Eu acho que não é possível separar os dois. É importante o que se conta, da forma como se conta. Não adianta ter uma história muito interessante e depois não saber contá-la e vice versa. O melhor é unir sempre as duas vertentes.
E quando o público não ri? Um comediante tem botões de pânico?
É dificil para caramba quando o público não ri, nossa!!!!! Por isso é que é sempre aflitivo quando começamos a trabalhar num material novo, porque nunca percebemos quando e do quê as pessoas vão rir. Mas o pior de tudo é quando a gente acha que público vai rir de uma piada da qual afinal ninguém ri.
E o que é que se faz nessas situações?
Bom... isso depende de cada um, mas quando se tem alguma experiência de palco é só contornar a situação, porque na verdade o público não conhece o nosso texto, ele não sabe onde nós vamos fazer a piada. Se não se der muita 'entonação' de que aquilo foi uma piada que não deu certo, o público vai achar apenas que aquilo foi um comentário. Eu digo sempre que essa é uma boa tática: fingir que aquilo não era uma piada.

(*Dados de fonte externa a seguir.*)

lemma quadratic_at_ratio:
  fixes \<alpha> \<beta> \<gamma> x y :: real
  assumes "x \<noteq> 0" "\<alpha> * x^2 + \<beta> * x * y + \<gamma> * y^2 = 1"
  shows "\<alpha> + \<beta> * (y / x) + \<gamma> * (y / x)^2 = 1 / x^2"
proof -
  have "\<alpha> + \<beta> * (y / x) + \<gamma> * (y / x)^2 = (\<alpha> * x^2 + \<beta> * x * y + \<gamma> * y^2) / x^2"
    using assms(1) by (simp add: field_simps power2_eq_square)
  then show ?thesis using assms(2) by simp
qed

lemma mediant_eq_weighted_mean:
  fixes a b c d :: real
  assumes "a > 0" "b > 0"
  shows "(c + d) / (a + b) = (c / a * (1 / b) + d / b * (1 / a)) / (1 / b + 1 / a)"
proof -
  have "c / a * (1 / b) + d / b * (1 / a) = (c + d) / (a * b)" "1 / b + 1 / a = (a + b) / (a * b)"
    using assms by (simp_all add: field_simps)
  then show ?thesis using assms by simp
qed

text \<open>With \<open>u = g/f\<close> and \<open>q(s) = \<alpha> + \<beta> s + \<gamma> s\<^sup>2\<close> the conic gives \<open>f = 1/\<surd>q(u)\<close>, so the mean in
  \<open>(*)\<close> is the weighted mean of \<open>u x\<close> and \<open>u y\<close> in \<open>primitive_inverse_quadratic_midpoint\<close>.\<close>
lemma conic_primitive_midpoint:
  assumes "open I" "is_interval I" "I \<noteq> {}" "B0 I f g"
    and conic: "\<And>x. x \<in> I \<Longrightarrow> \<alpha> * (f x)^2 + \<beta> * f x * g x + \<gamma> * (g x)^2 = 1"
  obtains H where "\<And>x. x \<in> I \<Longrightarrow> (H has_real_derivative (f x)^2) (at (g x / f x))"
    and "strictly_monotone_on I (\<lambda>x. H (g x / f x))" "continuous_on I (\<lambda>x. H (g x / f x))"
    and "\<And>x y. x \<in> I \<Longrightarrow> y \<in> I \<Longrightarrow> \<exists>z\<in>I. g z / f z = (g x + g y) / (f x + f y)
      \<and> H (g z / f z) = (H (g x / f x) + H (g y / f y)) / 2"
proof -
  define u where "u x = g x / f x" for x
  define q where "q s = \<alpha> + \<beta> * s + \<gamma> * s^2" for s
  have f_pos: "\<And>x. x \<in> I \<Longrightarrow> f x > 0" and u_cont: "continuous_on I u"
    and u_mono: "strictly_monotone_on I u"
    using assms(4) unfolding B0_def u_def[abs_def] by auto
  have q_u: "q (u x) = 1 / (f x)^2" if "x \<in> I" for x
    using quadratic_at_ratio[OF _ conic[OF that]] f_pos[OF that] by (simp add: q_def u_def)
  have sqrt_q: "sqrt (q (u x)) = 1 / f x" if "x \<in> I" for x
    using q_u[OF that] f_pos[OF that] by (simp add: real_sqrt_divide)
  have q_pos: "q s > 0" if s: "s \<in> u ` I" for s
  proof -
    obtain x where "x \<in> I" "s = u x" using s by blast
    then show ?thesis using q_u f_pos[OF \<open>x \<in> I\<close>] by simp
  qed
  have U: "open (u ` I)" "is_interval (u ` I)" "u ` I \<noteq> {}"
    using invariance_of_domain[OF u_cont assms(1) strictly_monotone_on_imp_inj_on[OF u_mono]]
      is_interval_continuous_image[OF u_cont assms(2)] assms(3) by simp_all
  have "\<alpha> + \<beta> * s + \<gamma> * s^2 \<noteq> 0" if "s \<in> u ` I" for s
    using q_pos[OF that] by (simp add: q_def)
  then have "continuous_on (u ` I) (\<lambda>s. 1 / q s)"
    unfolding q_def by (intro continuous_intros) auto
  then obtain H where H: "\<And>s. s \<in> u ` I \<Longrightarrow> (H has_real_derivative 1 / q s) (at s)"
    using exists_antiderivative_on_open_interval[OF U] by blast
  show thesis
  proof
    show "(H has_real_derivative (f x)^2) (at (g x / f x))" if "x \<in> I" for x
      using H[of "u x"] q_u[OF that] that by (simp add: u_def)
    have "strict_mono_on (u ` I) H"
      using H q_pos by (intro strict_mono_on_if_deriv_pos[OF U(2), of _ "\<lambda>s. 1 / q s"]) simp
    from strictly_monotone_on_compose[OF u_mono this]
    show "strictly_monotone_on I (\<lambda>x. H (g x / f x))" unfolding u_def .
    have "continuous_on (u ` I) H"
      using H by (intro DERIV_continuous_on[where D="\<lambda>s. 1 / q s"]) (auto intro: has_field_derivative_at_within)
    from continuous_on_compose2[OF this u_cont]
    show "continuous_on I (\<lambda>x. H (g x / f x))" unfolding u_def by blast
    show "\<exists>z\<in>I. g z / f z = (g x + g y) / (f x + f y) \<and> H (g z / f z) = (H (g x / f x) + H (g y / f y)) / 2"
      if xy: "x \<in> I" "y \<in> I" for x y
    proof -
      have "(g x + g y) / (f x + f y) \<in> u ` I"
        using in_image_if_between[OF u_cont assms(2) xy]
          mediant_between[OF f_pos[OF xy(1)] f_pos[OF xy(2)], of "g x" "g y"]
        unfolding u_def by blast
      then obtain z where z: "z \<in> I" "u z = (g x + g y) / (f x + f y)" by (metis imageE)
      have "u z = (u x * (1 / f y) + u y * (1 / f x)) / (1 / f y + 1 / f x)"
        unfolding z(2) unfolding u_def by (rule mediant_eq_weighted_mean[OF f_pos[OF xy(1)] f_pos[OF xy(2)]])
      then have "H (u z) = (H (u x) + H (u y)) / 2"
        using primitive_inverse_quadratic_midpoint[OF q_def U(2) q_pos H, of "u x" "u y"] xy
        unfolding sqrt_q[OF xy(1)] sqrt_q[OF xy(2)] by simp
      then show ?thesis using z unfolding u_def by blast
    qed
  qed
qed

lemma eq_star_if_conic:
  assumes "open I" "is_interval I" "I \<noteq> {}" "B0 I f g"
    and "\<And>x. x \<in> I \<Longrightarrow> \<alpha> * (f x)^2 + \<beta> * f x * g x + \<gamma> * (g x)^2 = 1"
  shows "\<exists>h. continuous_on I h \<and> strictly_monotone_on I h \<and> eq_star I f g h"
proof -
  obtain H where "\<And>x. x \<in> I \<Longrightarrow> (H has_real_derivative (f x)^2) (at (g x / f x))"
    and H: "strictly_monotone_on I (\<lambda>x. H (g x / f x))" "continuous_on I (\<lambda>x. H (g x / f x))"
    and mid: "\<And>x y. x \<in> I \<Longrightarrow> y \<in> I \<Longrightarrow> \<exists>z\<in>I. g z / f z = (g x + g y) / (f x + f y)
      \<and> H (g z / f z) = (H (g x / f x) + H (g y / f y)) / 2"
    using conic_primitive_midpoint[OF assms] by blast
  have "eq_star I f g (\<lambda>x. H (g x / f x))"
    using assms(4) strictly_monotone_on_imp_inj_on H(1) mid
    unfolding B0_def by (intro eq_star_intro) auto
  then show ?thesis using H by blast
qed

section \<open>Wronskians\<close>

lemma nderiv_0 [simp]: "nderiv 0 f = f"
  by (simp add: nderiv_def)

lemma nderiv_Suc [simp]: "nderiv (Suc k) f = deriv (nderiv k f)"
  by (simp add: nderiv_def)

lemma nderiv_2 [simp]: "nderiv 2 f = deriv (deriv f)"
  by (simp add: nderiv_def numeral_2_eq_2)

lemma W_1_0: "W 1 0 f g x = deriv f x * g x - f x * deriv g x"
  by (simp add: W_def)

lemma W_2_0: "W 2 0 f g x = deriv (deriv f) x * g x - f x * deriv (deriv g) x"
  by (simp add: W_def)

lemma W_2_1: "W 2 1 f g x = deriv (deriv f) x * deriv g x - deriv f x * deriv (deriv g) x"
  by (simp add: W_def)

lemma C_n_on_has_derivative:
  assumes "C_n_on n I f" "k < n" "x \<in> I"
  shows "(nderiv k f has_real_derivative nderiv (Suc k) f x) (at x)"
  using assms unfolding C_n_on_def by (simp add: DERIV_deriv_iff_real_differentiable)

lemma C_n_on_mono: "C_n_on n I f \<Longrightarrow> m \<le> n \<Longrightarrow> C_n_on m I f"
  unfolding C_n_on_def by simp

lemma Bn_mono: "Bn n I f g \<Longrightarrow> m \<le> n \<Longrightarrow> Bn m I f g"
  unfolding Bn_def using C_n_on_mono by blast

lemma Bn_has_derivative:
  assumes "Bn n I f g" "1 \<le> n" "x \<in> I"
  shows "(f has_real_derivative deriv f x) (at x)" "(g has_real_derivative deriv g x) (at x)"
  using C_n_on_has_derivative[of n I _ 0 x] assms by (auto simp: Bn_def)

lemma Bn_has_second_derivative:
  assumes "Bn n I f g" "2 \<le> n" "x \<in> I"
  shows "(deriv f has_real_derivative deriv (deriv f) x) (at x)"
    "(deriv g has_real_derivative deriv (deriv g) x) (at x)"
  using C_n_on_has_derivative[of n I _ 1 x] assms by (auto simp: Bn_def)

lemma continuous_on_W_1_0:
  assumes "Bn n I f g" "1 \<le> n"
  shows "continuous_on I (W 1 0 f g)"
proof -
  have "continuous_on I (nderiv k f)" "continuous_on I (nderiv k g)" if "k \<le> 1" for k
    using assms that unfolding Bn_def C_n_on_def by auto
  from this[of 0] this[of 1] show ?thesis
    unfolding W_1_0[abs_def] by (intro continuous_intros) simp_all
qed

lemma ratio_has_derivative:
  assumes "(f has_real_derivative f') (at x)" "(g has_real_derivative g') (at x)" "f x \<noteq> 0"
  shows "((\<lambda>t. g t / f t) has_real_derivative - (f' * g x - f x * g') / (f x)^2) (at x)"
  using DERIV_divide[OF assms(2,1,3)] by (simp add: power2_eq_square algebra_simps)

lemma W_1_0_nonzero:
  assumes "Bn n I f g" "1 \<le> n" "x \<in> I"
  shows "W 1 0 f g x \<noteq> 0"
proof -
  have "f x > 0" "deriv (\<lambda>t. g t / f t) x \<noteq> 0" using assms(1,3) by (auto simp: Bn_def)
  moreover have "deriv (\<lambda>t. g t / f t) x = - W 1 0 f g x / (f x)^2"
    using ratio_has_derivative[OF Bn_has_derivative[OF assms]] \<open>f x > 0\<close>
    by (intro DERIV_imp_deriv) (simp add: W_def)
  ultimately show ?thesis by auto
qed

lemma W_1_0_has_derivative:
  assumes "Bn n I f g" "2 \<le> n" "x \<in> I"
  shows "(W 1 0 f g has_real_derivative W 2 0 f g x) (at x)"
proof -
  have "1 \<le> n" using assms(2) by simp
  note d1 = Bn_has_derivative[OF assms(1) this assms(3)]
  note d2 = Bn_has_second_derivative[OF assms]
  have "((\<lambda>x. deriv f x * g x - f x * deriv g x) has_real_derivative W 2 0 f g x) (at x)"
    using DERIV_diff[OF DERIV_mult[OF d2(1) d1(2)] DERIV_mult[OF d1(1) d2(2)]]
    by (simp add: W_2_0 algebra_simps)
  then show ?thesis unfolding W_1_0[abs_def] .
qed

text \<open>\<open>(H \<circ> (g/f))' = f\<^sup>2 (g/f)' = -W\<^sup>1\<^sup>,\<^sup>0\<close>, so \<open>h + H \<circ> (g/f)\<close> is constant.\<close>
lemma eq_star_primitive_if_conic:
  assumes "open I" "is_interval I" "I \<noteq> {}" "B0 I f g" "Bn 1 I f g"
    and conic: "\<And>x. x \<in> I \<Longrightarrow> \<alpha> * (f x)^2 + \<beta> * f x * g x + \<gamma> * (g x)^2 = 1"
    and h: "\<And>x. x \<in> I \<Longrightarrow> (h has_real_derivative W 1 0 f g x) (at x)"
  shows "eq_star I f g h"
proof -
  obtain H where H: "\<And>x. x \<in> I \<Longrightarrow> (H has_real_derivative (f x)^2) (at (g x / f x))"
    and H_mono: "strictly_monotone_on I (\<lambda>x. H (g x / f x))" "continuous_on I (\<lambda>x. H (g x / f x))"
    and mid: "\<And>x y. x \<in> I \<Longrightarrow> y \<in> I \<Longrightarrow> \<exists>z\<in>I. g z / f z = (g x + g y) / (f x + f y)
      \<and> H (g z / f z) = (H (g x / f x) + H (g y / f y)) / 2"
    using conic_primitive_midpoint[OF assms(1-4) conic] by blast
  have f_pos: "\<And>x. x \<in> I \<Longrightarrow> f x > 0" using assms(4) by (simp add: B0_def)
  have deriv0: "((\<lambda>x. h x + H (g x / f x)) has_real_derivative 0) (at x)" if "x \<in> I" for x
  proof -
    have "((\<lambda>x. H (g x / f x)) has_real_derivative (f x)^2 * (- W 1 0 f g x / (f x)^2)) (at x)"
      using DERIV_chain2[OF H[OF that] ratio_has_derivative[OF Bn_has_derivative[OF assms(5) _ that]]]
        f_pos[OF that] by (simp add: W_def)
    then show ?thesis
      using DERIV_add[OF h[OF that]] f_pos[OF that] by force
  qed
  have h_eq: "h x = h y + H (g y / f y) - H (g x / f x)" if "x \<in> I" "y \<in> I" for x y
    using constant_on_interval_if_deriv_zero[OF assms(2) deriv0 that] by simp
  have "inj_on (\<lambda>x. g x / f x) I"
    using assms(4) strictly_monotone_on_imp_inj_on by (auto simp: B0_def)
  moreover have "inj_on h I"
    using strictly_monotone_on_imp_inj_on[OF H_mono(1)] h_eq unfolding inj_on_def
    by (metis add_left_cancel diff_add_cancel)
  ultimately show ?thesis
  proof (rule eq_star_intro)
    fix x y assume "x \<in> I" "y \<in> I"
    with mid obtain z where "z \<in> I" "g z / f z = (g x + g y) / (f x + f y)"
      "H (g z / f z) = (H (g x / f x) + H (g y / f y)) / 2" by blast
    then show "\<exists>z\<in>I. g z / f z = (g x + g y) / (f x + f y) \<and> h z = (h x + h y) / 2"
      using h_eq[OF _ \<open>x \<in> I\<close>] h_eq[OF \<open>y \<in> I\<close> \<open>x \<in> I\<close>] by auto
  qed
qed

O Fábio ri de si próprio? Acha-se graça?
Eu divirto-me muito comigo. Se estiver numa ilha deserta, eu sei que vou rir da minha cara. Eu acho que dá sempre para rir de mim e comigo.
As pessoas têm a ideia errada de que um comediante passa a vida a rir e não se chateia com nada. O que é que tira o Fábio Porchat do sério?
Acima de tudo a falta de civismo. A pessoa que 'fecha' o cruzamento no trânsito ou a pessoa que 'fura' a fila é algo que me irrita muitíssimo.
"Eu divirto-me muito comigo. Se estiver numa ilha deserta, eu sei que vou rir da minha cara"
Já teve problemas com a autoridade por causa de uma piada que fez?
Não. Todo o tipo de processo que eu tive, não chegou a avançar. Eu nem nunca fui chamado a depor.
Nem teve problemas com a 'Porta dos Fundos'?
A 'Porta dos Fundos' atiraram de facto bombas enormes, mas na verdade nós nunca tivemos problemas com a lei. Tivemos sim problemas com os fora da lei (risos).
E como é a sua relação com o humor em Portugal?
A minha relação é muito boa. Eu comecei a criar laços muito interessantes com pessoas daqui e é pena os comediantes portugueses não entrarem tanto no Brasil.
Porquê?
Porque o Brasil é muito ignorante no que toca à cultura portuguesa, o que é uma tristeza. O Brasil é muito dependente da cultura americana e muito pouco da europeia. Ou seja, o Brasil acompanha muito pouco as mudanças interessantes que acontecem aqui em Portugal. Aliás, um dos meus objetivos é precisamente esse, levar um bocadinho de Portugal para o Brasil.